*EXERCISE DIRECTIONS*
Reproduce the opening lines of the records exactly, up to and including the line in which "(min s v) v) = (b" occurs.

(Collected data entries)

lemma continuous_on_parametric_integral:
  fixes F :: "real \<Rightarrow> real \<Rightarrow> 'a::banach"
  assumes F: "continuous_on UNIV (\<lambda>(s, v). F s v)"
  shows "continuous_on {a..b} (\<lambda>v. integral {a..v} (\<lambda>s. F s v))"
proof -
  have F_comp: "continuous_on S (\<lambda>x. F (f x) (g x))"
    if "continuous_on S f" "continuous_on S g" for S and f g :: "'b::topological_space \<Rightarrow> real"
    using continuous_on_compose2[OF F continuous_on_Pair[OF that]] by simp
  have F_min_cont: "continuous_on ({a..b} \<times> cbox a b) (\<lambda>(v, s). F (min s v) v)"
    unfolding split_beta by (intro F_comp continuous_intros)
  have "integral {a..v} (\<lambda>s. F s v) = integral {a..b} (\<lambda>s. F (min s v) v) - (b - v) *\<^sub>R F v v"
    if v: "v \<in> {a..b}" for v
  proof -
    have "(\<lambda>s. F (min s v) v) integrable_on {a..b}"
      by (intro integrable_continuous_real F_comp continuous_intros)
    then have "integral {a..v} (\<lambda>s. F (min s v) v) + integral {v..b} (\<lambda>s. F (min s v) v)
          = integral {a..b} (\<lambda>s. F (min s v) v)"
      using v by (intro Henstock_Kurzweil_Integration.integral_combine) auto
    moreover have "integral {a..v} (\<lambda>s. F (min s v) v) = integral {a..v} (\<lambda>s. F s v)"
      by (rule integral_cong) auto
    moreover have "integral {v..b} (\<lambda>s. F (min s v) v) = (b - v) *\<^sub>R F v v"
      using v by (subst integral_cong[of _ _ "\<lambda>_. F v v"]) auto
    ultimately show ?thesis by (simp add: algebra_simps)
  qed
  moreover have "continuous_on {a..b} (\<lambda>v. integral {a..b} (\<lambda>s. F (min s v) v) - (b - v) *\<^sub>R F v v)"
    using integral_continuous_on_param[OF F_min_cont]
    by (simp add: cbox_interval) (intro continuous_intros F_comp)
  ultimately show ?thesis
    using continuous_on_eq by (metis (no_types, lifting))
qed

*TASK SOLUTION*
lemma continuous_on_parametric_integral:
  fixes F :: "real \<Rightarrow> real \<Rightarrow> 'a::banach"
  assumes F: "continuous_on UNIV (\<lambda>(s, v). F s v)"
  shows "continuous_on {a..b} (\<lambda>v. integral {a..v} (\<lambda>s. F s v))"
proof -
  have F_comp: "continuous_on S (\<lambda>x. F (f x) (g x))"
    if "continuous_on S f" "continuous_on S g" for S and f g :: "'b::topological_space \<Rightarrow> real"
    using continuous_on_compose2[OF F continuous_on_Pair[OF that]] by simp
  have F_min_cont: "continuous_on ({a..b} \<times> cbox a b) (\<lambda>(v, s). F (min s v) v)"
    unfolding split_beta by (intro F_comp continuous_intros)
  have "integral {a..v} (\<lambda>s. F s v) = integral {a..b} (\<lambda>s. F (min s v) v) - (b - v) *\<^sub>R F v v"
    if v: "v \<in> {a..b}" for v
  proof -
    have "(\<lambda>s. F (min s v) v) integrable_on {a..b}"
      by (intro integrable_continuous_real F_comp continuous_intros)
    then have "integral {a..v} (\<lambda>s. F (min s v) v) + integral {v..b} (\<lambda>s. F (min s v) v)
          = integral {a..b} (\<lambda>s. F (min s v) v)"
      using v by (intro Henstock_Kurzweil_Integration.integral_combine) auto
    moreover have "integral {a..v} (\<lambda>s. F (min s v) v) = integral {a..v} (\<lambda>s. F s v)"
      by (rule integral_cong) auto
    moreover have "integral {v..b} (\<lambda>s. F (min s v) v) = (b - v) *\<^sub>R F v v"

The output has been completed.